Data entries
(* Let $k\ge 3$, constants $c_1\ge\dots\ge c_k>0$ with $\sum c_i=1$, and for $n$ with all $c_in$ integers let $G_n$ be the complete $k$-partite graph with parts $V_1,\dots,V_k$, $|V_i|=c_in$. Let $w_0$ be a uniformly random initial weighting. If $c_i<\tfrac12$, then $$\mathbb{E}(m_i)\le \frac{2c_i}{1-2c_i}.$$
   Context: An initial weighting of a graph on vertex set $V$, $|V|=n$, is a bijection $w_0:V\to\{-n,\dots,-1\}$; here $w_0$ is uniform among all $n!$ such bijections. The quantity $m_i$ is defined by $$m_i=\max\Big\{x\ge 0:\ \exists\, y\ge 0 \text{ with } 2y+x\le n \text{ and } \Big|\bigcup_{j=1}^{2y+x}w_0^{-1}(-j)\cap V_i\Big|=y+x\Big\},$$ equivalently $m_i=\max_{0\le t\le n}X(t)$ where $X(t)=|\{v\in V_i: w_0(v)\ge -t\}|-|\{v\in V\setminus V_i: w_0(v)\ge -t\}|$. A complete $k$-partite graph with parts $V_1,\dots,V_k$ has an edge between $u$ and $v$ iff they lie in different parts. *)

theory Defs
  imports Complex_Main
begin

text \<open>Initial weightings: bijections from V onto {-n,...,-1}, n = card V
  (fixed to 0 outside V so that the set of weightings is finite, of size n!).\<close>
definition initial_weightings :: "'a set \<Rightarrow> ('a \<Rightarrow> int) set" where
  "initial_weightings V =
     {w. bij_betw w V {- int (card V) .. -1} \<and> (\<forall>v. v \<notin> V \<longrightarrow> w v = 0)}"

definition X_walk :: "'a set \<Rightarrow> 'a set \<Rightarrow> ('a \<Rightarrow> int) \<Rightarrow> nat \<Rightarrow> int" where
  "X_walk V Vi w t =
     int (card {v \<in> Vi. w v \<ge> - int t}) - int (card {v \<in> V - Vi. w v \<ge> - int t})"

definition m_val :: "'a set \<Rightarrow> 'a set \<Rightarrow> ('a \<Rightarrow> int) \<Rightarrow> int" where
  "m_val V Vi w = Max ((\<lambda>t. X_walk V Vi w t) ` {0..card V})"

definition expected_m :: "'a set \<Rightarrow> 'a set \<Rightarrow> real" where
  "expected_m V Vi =
     (\<Sum>w\<in>initial_weightings V. real_of_int (m_val V Vi w)) / real (card (initial_weightings V))"

end

theory Submission
  imports Defs
begin

text \<open>Reveal the vertices in the order given by \<open>w\<^sub>0\<close>, the vertex of weight \<open>-1\<close> first.
  Then \<open>X\<close> is a walk with \<open>a = |V\<^sub>i|\<close> up-steps and \<open>b = n - a\<close> down-steps in uniformly random
  order. Conditioning on the first vertex shows that the proportion of weightings with
  \<open>m\<^sub>i \<ge> r\<close> satisfies the same first-step recurrence as the ballot-type tail
  \<open>a(a-1)\<cdots>(a-r+1) / ((b+1)\<cdots>(b+r))\<close>, hence equals it; this tail is at most \<open>(a/(b+1))\<^sup>r\<close>.
  Summing over \<open>r \<ge> 1\<close> bounds \<open>\<bbbE>(m\<^sub>i)\<close> by the geometric series \<open>a/(b+1-a) \<le> 2c\<^sub>i/(1-2c\<^sub>i)\<close>.\<close>

lemma initial_weightings_iff:
  assumes "finite V"
  shows "w \<in> initial_weightings V \<longleftrightarrow>
           inj_on w V \<and> w ` V \<subseteq> {- int (card V)..-1} \<and> (\<forall>u. u \<notin> V \<longrightarrow> w u = 0)"
proof
  assume "inj_on w V \<and> w ` V \<subseteq> {- int (card V)..-1} \<and> (\<forall>u. u \<notin> V \<longrightarrow> w u = 0)"
  moreover from this have "w ` V = {- int (card V)..-1}"
    by (intro card_subset_eq) (auto simp: card_image)
  ultimately show "w \<in> initial_weightings V"
    by (simp add: initial_weightings_def bij_betw_def)
qed (auto simp: initial_weightings_def bij_betw_def)

lemma initial_weightings_outside:
  "w \<in> initial_weightings V \<Longrightarrow> u \<notin> V \<Longrightarrow> w u = 0"
  by (simp add: initial_weightings_def)

lemma initial_weightings_inj: "w \<in> initial_weightings V \<Longrightarrow> inj_on w V"
  by (simp add: initial_weightings_def bij_betw_def)

lemma initial_weightings_range:
  "w \<in> initial_weightings V \<Longrightarrow> u \<in> V \<Longrightarrow> w u \<in> {- int (card V)..-1}"
  unfolding initial_weightings_def using bij_betwE by blast

lemma finite_initial_weightings:
  assumes "finite V"
  shows "finite (initial_weightings V)"
proof (rule finite_subset)
  show "initial_weightings V \<subseteq>
          {w. \<forall>u. (u \<in> V \<longrightarrow> w u \<in> {- int (card V)..-1}) \<and> (u \<notin> V \<longrightarrow> w u = 0)}"
    by (auto simp: initial_weightings_def bij_betw_def)
  show "finite \<dots>"
    by (rule finite_set_of_finite_funs[OF assms]) simp
qed

text \<open>The vertex \<open>v\<close> is revealed first; the others keep the order given by \<open>w\<close>.\<close>
definition cons_weighting :: "'a set \<Rightarrow> 'a \<Rightarrow> ('a \<Rightarrow> int) \<Rightarrow> 'a \<Rightarrow> int" where
  "cons_weighting V v w = (\<lambda>u. if u = v then -1 else if u \<in> V then w u - 1 else 0)"

lemma cons_weighting_mem_initial_weightings:
  assumes V: "finite V" and v: "v \<in> V" and w: "w \<in> initial_weightings (V - {v})"
  shows "cons_weighting V v w \<in> initial_weightings V"
proof -
  have card_Vv: "int (card (V - {v})) = int (card V) - 1"
    using card_Suc_Diff1[OF V v] by linarith
  have range: "w u \<in> {- int (card (V - {v}))..-1}" if "u \<in> V" "u \<noteq> v" for u
    using initial_weightings_range[OF w] that by simp
  have "inj_on (cons_weighting V v w) V"
  proof (rule inj_onI)
    fix x y assume "x \<in> V" "y \<in> V" "cons_weighting V v w x = cons_weighting V v w y"
    then show "x = y"
      using range[of x] range[of y] inj_onD[OF initial_weightings_inj[OF w], of x y]
      by (auto simp: cons_weighting_def split: if_splits)
  qed
  moreover have "cons_weighting V v w ` V \<subseteq> {- int (card V)..-1}"
  proof (rule image_subsetI)
    fix u assume "u \<in> V"
    then show "cons_weighting V v w u \<in> {- int (card V)..-1}"
      using range[of u] card_Vv by (cases "u = v") (auto simp: cons_weighting_def)
  qed
  moreover have "\<forall>u. u \<notin> V \<longrightarrow> cons_weighting V v w u = 0"
    using v by (simp add: cons_weighting_def)
  ultimately show ?thesis
    by (simp add: initial_weightings_iff V)
qed

lemma tail_mem_initial_weightings:
  assumes V: "finite V" and v: "v \<in> V" and w: "w \<in> initial_weightings V" "w v = -1"
  shows "(\<lambda>u. if u \<in> V - {v} then w u + 1 else 0) \<in> initial_weightings (V - {v})"
    (is "?w \<in> _")
proof -
  have card_Vv: "int (card (V - {v})) = int (card V) - 1"
    using card_Suc_Diff1[OF V v] by linarith
  have "?w ` (V - {v}) \<subseteq> {- int (card (V - {v}))..-1}"
  proof (rule image_subsetI)
    fix u assume u: "u \<in> V - {v}"
    then have "w u \<noteq> w v"
      using v inj_onD[OF initial_weightings_inj[OF w(1)]] by blast
    then show "?w u \<in> {- int (card (V - {v}))..-1}"
      using u w(2) card_Vv initial_weightings_range[OF w(1), of u] by auto
  qed
  moreover have "inj_on ?w (V - {v})"
    using initial_weightings_inj[OF w(1)] by (auto simp: inj_on_def)
  ultimately show ?thesis
    by (simp add: initial_weightings_iff V)
qed

lemma bij_betw_cons_weighting:
  assumes V: "finite V" and v: "v \<in> V"
  shows "bij_betw (cons_weighting V v) (initial_weightings (V - {v}))
           {w \<in> initial_weightings V. w v = -1}"
proof (rule bij_betw_byWitness)
  define tail where "tail w = (\<lambda>u. if u \<in> V - {v} then w u + 1 else 0)" for w :: "'a \<Rightarrow> int"
  show "\<forall>w\<in>initial_weightings (V - {v}). tail (cons_weighting V v w) = w"
    by (auto simp: tail_def cons_weighting_def initial_weightings_outside fun_eq_iff)
  show "\<forall>w\<in>{w \<in> initial_weightings V. w v = -1}. cons_weighting V v (tail w) = w"
    by (auto simp: tail_def cons_weighting_def initial_weightings_outside fun_eq_iff)
  show "cons_weighting V v ` initial_weightings (V - {v}) \<subseteq> {w \<in> initial_weightings V. w v = -1}"
    using cons_weighting_mem_initial_weightings[OF V v] by (auto simp: cons_weighting_def)
  show "tail ` {w \<in> initial_weightings V. w v = -1} \<subseteq> initial_weightings (V - {v})"
    using tail_mem_initial_weightings[OF V v] by (auto simp: tail_def)
qed

lemma initial_weightings_obtain_first:
  assumes "finite V" "V \<noteq> {}" "w \<in> initial_weightings V"
  obtains v where "v \<in> V" "w v = -1"
proof -
  have "0 < card V"
    using assms(1,2) card_gt_0_iff by blast
  then have "-1 \<in> w ` V"
    using assms(3) by (simp add: initial_weightings_def bij_betw_def)
  then obtain v where "v \<in> V" "-1 = w v"
    by (rule imageE)
  then show ?thesis
    using that by simp
qed

lemma card_initial_weightings_filter:
  assumes V: "finite V" "V \<noteq> {}"
  shows "card {w \<in> initial_weightings V. Q w}
           = (\<Sum>v\<in>V. card {w \<in> initial_weightings (V - {v}). Q (cons_weighting V v w)})"
proof -
  let ?S = "\<lambda>v. {w \<in> initial_weightings V. w v = -1 \<and> Q w}"
  have "{w \<in> initial_weightings V. Q w} = (\<Union>v\<in>V. ?S v)"
    using initial_weightings_obtain_first[OF V] by auto
  also have "card \<dots> = (\<Sum>v\<in>V. card (?S v))"
  proof (rule card_UN_disjoint)
    show "\<forall>v\<in>V. finite (?S v)"
      using finite_initial_weightings[OF V(1)] by simp
    show "\<forall>u\<in>V. \<forall>v\<in>V. u \<noteq> v \<longrightarrow> ?S u \<inter> ?S v = {}"
    proof (intro ballI impI equals0I)
      fix u v w assume "u \<in> V" "v \<in> V" "u \<noteq> v" "w \<in> ?S u \<inter> ?S v"
      then show False
        using inj_onD[OF initial_weightings_inj, of w V u v] by simp
    qed
  qed (rule V(1))
  also have "\<dots> = (\<Sum>v\<in>V. card {w \<in> initial_weightings (V - {v}). Q (cons_weighting V v w)})"
  proof (rule sum.cong)
    fix v assume v: "v \<in> V"
    let ?T = "{w \<in> initial_weightings (V - {v}). Q (cons_weighting V v w)}"
    note bij = bij_betw_cons_weighting[OF V(1) v]
    have "?S v = cons_weighting V v ` ?T"
      using bij_betw_imp_surj_on[OF bij] by auto
    moreover have "inj_on (cons_weighting V v) ?T"
      using bij_betw_imp_inj_on[OF bij] by (rule inj_on_subset) blast
    ultimately show "card (?S v) = card ?T"
      by (simp add: card_image)
  qed (rule refl)
  finally show ?thesis .
qed

lemma card_initial_weightings:
  "finite V \<Longrightarrow> card (initial_weightings V) = fact (card V)"
proof (induction "card V" arbitrary: V)
  case 0
  then have "initial_weightings V = {\<lambda>_. 0}"
    by (auto simp: initial_weightings_def bij_betw_def)
  then show ?case
    using 0 by simp
next
  case (Suc n)
  have "card (V - {v}) = n" if "v \<in> V" for v
    using Suc.hyps(2) Suc.prems that by simp
  moreover have "V \<noteq> {}"
    using Suc.hyps(2) by auto
  ultimately have "card (initial_weightings V) = (\<Sum>v\<in>V. fact n)"
    using Suc.hyps(1) Suc.prems card_initial_weightings_filter[of V "\<lambda>_. True"] by simp
  also have "\<dots> = fact (card V)"
    using Suc.hyps(2) by (metis fact_Suc of_nat_id sum_constant)
  finally show ?case .
qed

lemma X_walk_0:
  assumes "w \<in> initial_weightings V" "Vi \<subseteq> V"
  shows "X_walk V Vi w 0 = 0"
proof -
  have "w u < 0" if "u \<in> V" for u
    using initial_weightings_range[OF assms(1) that] by simp
  then have empty: "{u \<in> Vi. w u \<ge> - int 0} = {}" "{u \<in> V - Vi. w u \<ge> - int 0} = {}"
    using assms(2) by fastforce+
  show ?thesis
    unfolding X_walk_def empty by simp
qed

▶ [Work task]
Copying word for word, give each line of the data above from the first one through the line containing "text \<open>Reveal the", and nothing else.

▶ [Final answer]
(* Let $k\ge 3$, constants $c_1\ge\dots\ge c_k>0$ with $\sum c_i=1$, and for $n$ with all $c_in$ integers let $G_n$ be the complete $k$-partite graph with parts $V_1,\dots,V_k$, $|V_i|=c_in$. Let $w_0$ be a uniformly random initial weighting. If $c_i<\tfrac12$, then $$\mathbb{E}(m_i)\le \frac{2c_i}{1-2c_i}.$$
   Context: An initial weighting of a graph on vertex set $V$, $|V|=n$, is a bijection $w_0:V\to\{-n,\dots,-1\}$; here $w_0$ is uniform among all $n!$ such bijections. The quantity $m_i$ is defined by $$m_i=\max\Big\{x\ge 0:\ \exists\, y\ge 0 \text{ with } 2y+x\le n \text{ and } \Big|\bigcup_{j=1}^{2y+x}w_0^{-1}(-j)\cap V_i\Big|=y+x\Big\},$$ equivalently $m_i=\max_{0\le t\le n}X(t)$ where $X(t)=|\{v\in V_i: w_0(v)\ge -t\}|-|\{v\in V\setminus V_i: w_0(v)\ge -t\}|$. A complete $k$-partite graph with parts $V_1,\dots,V_k$ has an edge between $u$ and $v$ iff they lie in different parts. *)

theory Defs
  imports Complex_Main
begin

text \<open>Initial weightings: bijections from V onto {-n,...,-1}, n = card V
  (fixed to 0 outside V so that the set of weightings is finite, of size n!).\<close>
definition initial_weightings :: "'a set \<Rightarrow> ('a \<Rightarrow> int) set" where
  "initial_weightings V =
     {w. bij_betw w V {- int (card V) .. -1} \<and> (\<forall>v. v \<notin> V \<longrightarrow> w v = 0)}"

definition X_walk :: "'a set \<Rightarrow> 'a set \<Rightarrow> ('a \<Rightarrow> int) \<Rightarrow> nat \<Rightarrow> int" where
  "X_walk V Vi w t =
     int (card {v \<in> Vi. w v \<ge> - int t}) - int (card {v \<in> V - Vi. w v \<ge> - int t})"

definition m_val :: "'a set \<Rightarrow> 'a set \<Rightarrow> ('a \<Rightarrow> int) \<Rightarrow> int" where
  "m_val V Vi w = Max ((\<lambda>t. X_walk V Vi w t) ` {0..card V})"

definition expected_m :: "'a set \<Rightarrow> 'a set \<Rightarrow> real" where
  "expected_m V Vi =
     (\<Sum>w\<in>initial_weightings V. real_of_int (m_val V Vi w)) / real (card (initial_weightings V))"

end

theory Submission
  imports Defs
begin

text \<open>Reveal the vertices in the order given by \<open>w\<^sub>0\<close>, the vertex of weight \<open>-1\<close> first.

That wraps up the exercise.